I don't think there is any reason to believe that the former is more likely
to be the programmer's intent than the latter.

>>        How do I get exception transparency for non-trailing arguments?
>>    There is no way.
>> Then I presume there is also no way to declare local variables or fields
>> to store closures that have parametric exceptions, which rules out a number
>> of useful control APIs.  Your proposal is not just a different syntax for
>> the same semantics; it supports only a subset of the useful functionality of
>> BGGA.
> Not exactly.
> Closure block types are used internally by the compiler but can't be
> declared by a user.
> If you want to store such closure in a local variable or a field, you have
> to convert it
> to a function type.
> The idea behind is that if you store a closure block in a field (or a
> final/shared local field)
> you have lot of chance to get an exception at runtime.
> By example, this code (BGGA syntax) may work or not
> depending if you have return/break/continue
> in the closure block.
> Executor executor=...
> ...
> <throws E> void fork(
>    final {=>void throws E} block) throws E {
>  executor.submit(new Runnable() {
>   public void run() {
>      block.invoke(); // need a try/catch E here
>   }
>  });
> }

This example would fail at compile-time in BGGA for at least two reasons:
first, the exception E is thrown in run() but not declared.  Second, any
attempt to pass a closure containing nonlocal transfers would fail because
this method only accepts restricted closures.

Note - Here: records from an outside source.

(* Fix $\rho>0$. There exists a constant $C=C(\rho)$ such that for all positive integers $K,L$, letting $\tilde I\subset\mathbb{Z}$ be an interval of $M=LK$ consecutive sites written as the union of $L$ disjoint intervals $I_1,\dots,I_L$ of $K$ consecutive sites each, with $\mathcal{M}_j=\sigma\big(\sum_{x\in I_j}\eta(x)\big)$ and $\tilde{\mathcal{M}}=\sigma\big(\sum_{x\in\tilde I}\eta(x)\big)$, the random variable $$V_2(\eta)=\sum_{j=1}^{L}E_{\nu_\rho}\Big(\sum_{x\in I_j}V_g(\eta(x))\,\Big|\,\mathcal{M}_j\Big)-E_{\nu_\rho}\Big(\sum_{x\in\tilde I}V_g(\eta(x))\,\Big|\,\tilde{\mathcal{M}}\Big)$$ satisfies $\mathrm{Var}(V_2,\nu_\rho)\le CL$.
   Context: $g(k)=1_{\{k\ge1\}}$ for $k\in\mathbb{N}=\{0,1,2,\dots\}$. $\nu_\rho$ is the product measure on $\mathbb{N}^{\mathbb{Z}}$ with geometric marginals $\nu_\rho(\eta(x)=k)=\frac{1}{1+\rho}\big(\frac{\rho}{1+\rho}\big)^k$, $k\ge0$ (mean $\rho$). $\phi(\rho)=E_{\nu_\rho}[g(\eta(0))]=\frac{\rho}{1+\rho}$ and $V_g(\eta(x))=g(\eta(x))-\phi(\rho)-\phi'(\rho)[\eta(x)-\rho]$. *)

theory Defs
  imports "HOL-Probability.Probability"
begin

text \<open>The product measure nu_rho on configurations eta : Z -> N with geometric marginals
  P(eta(x) = k) = (1/(1+rho)) (rho/(1+rho))^k, i.e. geometric_pmf with success prob 1/(1+rho).\<close>
definition nu :: "real \<Rightarrow> (int \<Rightarrow> nat) measure" where
  "nu \<rho> = (\<Pi>\<^sub>M x\<in>(UNIV::int set). measure_pmf (geometric_pmf (1 / (1 + \<rho>))))"

definition g :: "nat \<Rightarrow> real" where
  "g k = (if k \<ge> 1 then 1 else 0)"

definition phi :: "real \<Rightarrow> real" where
  "phi \<rho> = \<rho> / (1 + \<rho>)"

definition Vg :: "real \<Rightarrow> nat \<Rightarrow> real" where
  "Vg \<rho> k = g k - phi \<rho> - deriv phi \<rho> * (real k - \<rho>)"

definition sum_sigma :: "real \<Rightarrow> int set \<Rightarrow> (int \<Rightarrow> nat) measure" where
  "sum_sigma \<rho> I = vimage_algebra (space (nu \<rho>)) (\<lambda>\<eta>. \<Sum>x\<in>I. \<eta> x) (count_space UNIV)"

definition cond_block :: "real \<Rightarrow> int set \<Rightarrow> (int \<Rightarrow> nat) \<Rightarrow> real" where
  "cond_block \<rho> I = real_cond_exp (nu \<rho>) (sum_sigma \<rho> I) (\<lambda>\<eta>. \<Sum>x\<in>I. Vg \<rho> (\<eta> x))"

definition V2 :: "real \<Rightarrow> nat \<Rightarrow> nat \<Rightarrow> int \<Rightarrow> (int \<Rightarrow> nat) \<Rightarrow> real" where
  "V2 \<rho> K L a \<eta> =
     (\<Sum>j\<in>{1..L}. cond_block \<rho> {a + int ((j - 1) * K) ..< a + int (j * K)} \<eta>)
     - cond_block \<rho> {a ..< a + int (L * K)} \<eta>"

definition variance_of :: "'a measure \<Rightarrow> ('a \<Rightarrow> real) \<Rightarrow> real" where
  "variance_of M X = (\<integral>\<omega>. (X \<omega> - (\<integral>\<omega>'. X \<omega>' \<partial>M))\<^sup>2 \<partial>M)"

end

theory Submission
  imports Defs
begin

So I don't see what "problem"
with this example you're solving.

> The same example with my syntax
> void fork() block() {
>  final void() throws Exception b =
>  (void() throws Exception)block; // cast is needed here
>  executor.submit(new Runnable() {
>   public void run() {
>      b.invoke(); // try/catch Exception needed here
>   }
>  });
> }

If the cast succeeds (i.e. there is a subtype relationship), requiring a
cast doesn't really make sense from a typing perspective.

I don't see a difference with BGGA's functionality.

It looks like your proposal allows exactly the kind of code you're concerned
about, while BGGA forbids it.  Your framework doesn't appear to support
general exception transparency, as there is no way to store closures that
are parameterized by the types of the exceptions they can throw.  You've
mentioned at the existence of these "closure" types, but I don't know what
types rules you have in mind for them.